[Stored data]

BEGIN

(* Let $P=(\succ_1,\dots,\succ_n)$ and $P'=(\succ'_1,\dots,\succ'_n)$ be two preference profiles over the same set of agents $N$ and the same set of houses $H$. Then $G_P=G_{P'}$ (the two profiles induce the same majority graph) if and only if $P$ and $P'$ are rotation equivalent.
   Context: Let $n\ge 1$, let $N=\{1,\dots,n\}$ be a set of agents and $H$ a set of $n$ houses. A preference profile $P=(\succ_1,\dots,\succ_n)$ assigns to each agent $x\in N$ a strict linear order $\succ_x$ on $H$. An assignment is a bijection $\mu:N\to H$; $M$ denotes the set of all assignments. Agent $x$ weakly prefers $\mu$ to $\lambda$ if $\mu(x)\succ_x\lambda(x)$ or $\mu(x)=\lambda(x)$. Let $N_{\mu,\lambda}=\{x\in N: x \text{ weakly prefers } \mu \text{ to } \lambda\}$, and write $\mu\succsim\lambda$ if $|N_{\mu,\lambda}|\ge|N_{\lambda,\mu}|$. The majority graph of $P$ is the directed graph $G_P=(M,\{(\mu,\lambda)\in M^2:\mu\succsim\lambda\})$. An ordered partition $(H_1,\dots,H_k)$ of $H$ into nonempty sets is a decomposition of a profile $P$ if for all $1\le j<\ell\le k$, all $p\in H_j$, $q\in H_\ell$ and all $x\in N$ we have $p\succ_x q$. Two profiles $P,P'$ are rotation equivalent if there is a decomposition $(H_1,\dots,H_k)$ of $P$ such that (a) for every $j\le k$, all $p,q\in H_j$ and all $x\in N$: $p\succ_x q$ iff $p\succ'_x q$; and (b) there is $r\in\{0,\dots,k-1\}$ such that $(H_{1+r},\dots,H_{k+r})$ is a decomposition of $P'$, where indices are taken cyclically ($H_{j+r}:=H_{j+r-k}$ if $j+r>k$). *)

theory Defs
  imports Main
begin

text \<open>A profile assigns to each agent x a strict linear order P x on H, given as a
  relation: (p, q) \<in> P x means p is strictly preferred to q by agent x.\<close>

definition agents :: "nat \<Rightarrow> nat set" where
  "agents n = {1..n}"

definition is_profile :: "nat \<Rightarrow> 'h set \<Rightarrow> (nat \<Rightarrow> ('h \<times> 'h) set) \<Rightarrow> bool" where
  "is_profile n H P \<longleftrightarrow>
     (\<forall>x\<in>agents n. P x \<subseteq> H \<times> H \<and> strict_linear_order_on H (P x))"

definition assignments :: "nat \<Rightarrow> 'h set \<Rightarrow> (nat \<Rightarrow> 'h) set" where
  "assignments n H =
     {\<mu>. bij_betw \<mu> (agents n) H \<and> (\<forall>x. x \<notin> agents n \<longrightarrow> \<mu> x = undefined)}"

definition weakly_prefers ::
  "(nat \<Rightarrow> ('h \<times> 'h) set) \<Rightarrow> nat \<Rightarrow> (nat \<Rightarrow> 'h) \<Rightarrow> (nat \<Rightarrow> 'h) \<Rightarrow> bool" where
  "weakly_prefers P x \<mu> \<nu> \<longleftrightarrow> (\<mu> x, \<nu> x) \<in> P x \<or> \<mu> x = \<nu> x"

definition supporters ::
  "nat \<Rightarrow> (nat \<Rightarrow> ('h \<times> 'h) set) \<Rightarrow> (nat \<Rightarrow> 'h) \<Rightarrow> (nat \<Rightarrow> 'h) \<Rightarrow> nat set" where
  "supporters n P \<mu> \<nu> = {x \<in> agents n. weakly_prefers P x \<mu> \<nu>}"

definition majority_pref ::
  "nat \<Rightarrow> (nat \<Rightarrow> ('h \<times> 'h) set) \<Rightarrow> (nat \<Rightarrow> 'h) \<Rightarrow> (nat \<Rightarrow> 'h) \<Rightarrow> bool" where
  "majority_pref n P \<mu> \<nu> \<longleftrightarrow> card (supporters n P \<mu> \<nu>) \<ge> card (supporters n P \<nu> \<mu>)"

definition majority_graph ::
  "nat \<Rightarrow> 'h set \<Rightarrow> (nat \<Rightarrow> ('h \<times> 'h) set)
     \<Rightarrow> (nat \<Rightarrow> 'h) set \<times> ((nat \<Rightarrow> 'h) \<times> (nat \<Rightarrow> 'h)) set" where
  "majority_graph n H P =
     (assignments n H,
      {(\<mu>, \<nu>). \<mu> \<in> assignments n H \<and> \<nu> \<in> assignments n H \<and> majority_pref n P \<mu> \<nu>})"

definition decomposition ::
  "nat \<Rightarrow> 'h set \<Rightarrow> (nat \<Rightarrow> ('h \<times> 'h) set) \<Rightarrow> 'h set list \<Rightarrow> bool" where
  "decomposition n H P Hs \<longleftrightarrow>
     (\<forall>j < length Hs. Hs ! j \<noteq> {}) \<and>
     (\<forall>i < length Hs. \<forall>j < length Hs. i \<noteq> j \<longrightarrow> Hs ! i \<inter> Hs ! j = {}) \<and>
     \<Union> (set Hs) = H \<and>
     (\<forall>j l. j < l \<and> l < length Hs \<longrightarrow>
        (\<forall>p \<in> Hs ! j. \<forall>q \<in> Hs ! l. \<forall>x \<in> agents n. (p, q) \<in> P x))"

definition rotation_equivalent ::
  "nat \<Rightarrow> 'h set \<Rightarrow> (nat \<Rightarrow> ('h \<times> 'h) set) \<Rightarrow> (nat \<Rightarrow> ('h \<times> 'h) set) \<Rightarrow> bool" where
  "rotation_equivalent n H P P' \<longleftrightarrow>
     (\<exists>Hs. decomposition n H P Hs \<and>
        (\<forall>j < length Hs. \<forall>p \<in> Hs ! j. \<forall>q \<in> Hs ! j. \<forall>x \<in> agents n.
            ((p, q) \<in> P x \<longleftrightarrow> (p, q) \<in> P' x)) \<and>
        (\<exists>r < length Hs. decomposition n H P' (rotate r Hs)))"

end

theory Submission
  imports Defs "HOL-Combinatorics.Permutations"
begin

END

# TASK DIRECTIONS:
Give every entry back exactly as it was written above.

# ANSWER AREA:
(* Let $P=(\succ_1,\dots,\succ_n)$ and $P'=(\succ'_1,\dots,\succ'_n)$ be two preference profiles over the same set of agents $N$ and the same set of houses $H$. Then $G_P=G_{P'}$ (the two profiles induce the same majority graph) if and only if $P$ and $P'$ are rotation equivalent.
   Context: Let $n\ge 1$, let $N=\{1,\dots,n\}$ be a set of agents and $H$ a set of $n$ houses. A preference profile $P=(\succ_1,\dots,\succ_n)$ assigns to each agent $x\in N$ a strict linear order $\succ_x$ on $H$. An assignment is a bijection $\mu:N\to H$; $M$ denotes the set of all assignments. Agent $x$ weakly prefers $\mu$ to $\lambda$ if $\mu(x)\succ_x\lambda(x)$ or $\mu(x)=\lambda(x)$. Let $N_{\mu,\lambda}=\{x\in N: x \text{ weakly prefers } \mu \text{ to } \lambda\}$, and write $\mu\succsim\lambda$ if $|N_{\mu,\lambda}|\ge|N_{\lambda,\mu}|$. The majority graph of $P$ is the directed graph $G_P=(M,\{(\mu,\lambda)\in M^2:\mu\succsim\lambda\})$. An ordered partition $(H_1,\dots,H_k)$ of $H$ into nonempty sets is a decomposition of a profile $P$ if for all $1\le j<\ell\le k$, all $p\in H_j$, $q\in H_\ell$ and all $x\in N$ we have $p\succ_x q$. Two profiles $P,P'$ are rotation equivalent if there is a decomposition $(H_1,\dots,H_k)$ of $P$ such that (a) for every $j\le k$, all $p,q\in H_j$ and all $x\in N$: $p\succ_x q$ iff $p\succ'_x q$; and (b) there is $r\in\{0,\dots,k-1\}$ such that $(H_{1+r},\dots,H_{k+r})$ is a decomposition of $P'$, where indices are taken cyclically ($H_{j+r}:=H_{j+r-k}$ if $j+r>k$). *)

theory Defs
  imports Main
begin

text \<open>A profile assigns to each agent x a strict linear order P x on H, given as a
  relation: (p, q) \<in> P x means p is strictly preferred to q by agent x.\<close>

definition agents :: "nat \<Rightarrow> nat set" where
  "agents n = {1..n}"

definition is_profile :: "nat \<Rightarrow> 'h set \<Rightarrow> (nat \<Rightarrow> ('h \<times> 'h) set) \<Rightarrow> bool" where
  "is_profile n H P \<longleftrightarrow>
     (\<forall>x\<in>agents n. P x \<subseteq> H \<times> H \<and> strict_linear_order_on H (P x))"

definition assignments :: "nat \<Rightarrow> 'h set \<Rightarrow> (nat \<Rightarrow> 'h) set" where
  "assignments n H =
     {\<mu>. bij_betw \<mu> (agents n) H \<and> (\<forall>x. x \<notin> agents n \<longrightarrow> \<mu> x = undefined)}"

definition weakly_prefers ::
  "(nat \<Rightarrow> ('h \<times> 'h) set) \<Rightarrow> nat \<Rightarrow> (nat \<Rightarrow> 'h) \<Rightarrow> (nat \<Rightarrow> 'h) \<Rightarrow> bool" where
  "weakly_prefers P x \<mu> \<nu> \<longleftrightarrow> (\<mu> x, \<nu> x) \<in> P x \<or> \<mu> x = \<nu> x"

definition supporters ::
  "nat \<Rightarrow> (nat \<Rightarrow> ('h \<times> 'h) set) \<Rightarrow> (nat \<Rightarrow> 'h) \<Rightarrow> (nat \<Rightarrow> 'h) \<Rightarrow> nat set" where
  "supporters n P \<mu> \<nu> = {x \<in> agents n. weakly_prefers P x \<mu> \<nu>}"

definition majority_pref ::
  "nat \<Rightarrow> (nat \<Rightarrow> ('h \<times> 'h) set) \<Rightarrow> (nat \<Rightarrow> 'h) \<Rightarrow> (nat \<Rightarrow> 'h) \<Rightarrow> bool" where
  "majority_pref n P \<mu> \<nu> \<longleftrightarrow> card (supporters n P \<mu> \<nu>) \<ge> card (supporters n P \<nu> \<mu>)"

definition majority_graph ::
  "nat \<Rightarrow> 'h set \<Rightarrow> (nat \<Rightarrow> ('h \<times> 'h) set)
     \<Rightarrow> (nat \<Rightarrow> 'h) set \<times> ((nat \<Rightarrow> 'h) \<times> (nat \<Rightarrow> 'h)) set" where
  "majority_graph n H P =
     (assignments n H,
      {(\<mu>, \<nu>). \<mu> \<in> assignments n H \<and> \<nu> \<in> assignments n H \<and> majority_pref n P \<mu> \<nu>})"

definition decomposition ::
  "nat \<Rightarrow> 'h set \<Rightarrow> (nat \<Rightarrow> ('h \<times> 'h) set) \<Rightarrow> 'h set list \<Rightarrow> bool" where
  "decomposition n H P Hs \<longleftrightarrow>
     (\<forall>j < length Hs. Hs ! j \<noteq> {}) \<and>
     (\<forall>i < length Hs. \<forall>j < length Hs. i \<noteq> j \<longrightarrow> Hs ! i \<inter> Hs ! j = {}) \<and>
     \<Union> (set Hs) = H \<and>
     (\<forall>j l. j < l \<and> l < length Hs \<longrightarrow>
        (\<forall>p \<in> Hs ! j. \<forall>q \<in> Hs ! l. \<forall>x \<in> agents n. (p, q) \<in> P x))"

definition rotation_equivalent ::
  "nat \<Rightarrow> 'h set \<Rightarrow> (nat \<Rightarrow> ('h \<times> 'h) set) \<Rightarrow> (nat \<Rightarrow> ('h \<times> 'h) set) \<Rightarrow> bool" where
  "rotation_equivalent n H P P' \<longleftrightarrow>
     (\<exists>Hs. decomposition n H P Hs \<and>
        (\<forall>j < length Hs. \<forall>p \<in> Hs ! j. \<forall>q \<in> Hs ! j. \<forall>x \<in> agents n.
            ((p, q) \<in> P x \<longleftrightarrow> (p, q) \<in> P' x)) \<and>
        (\<exists>r < length Hs. decomposition n H P' (rotate r Hs)))"

end

theory Submission
  imports Defs "HOL-Combinatorics.Permutations"
begin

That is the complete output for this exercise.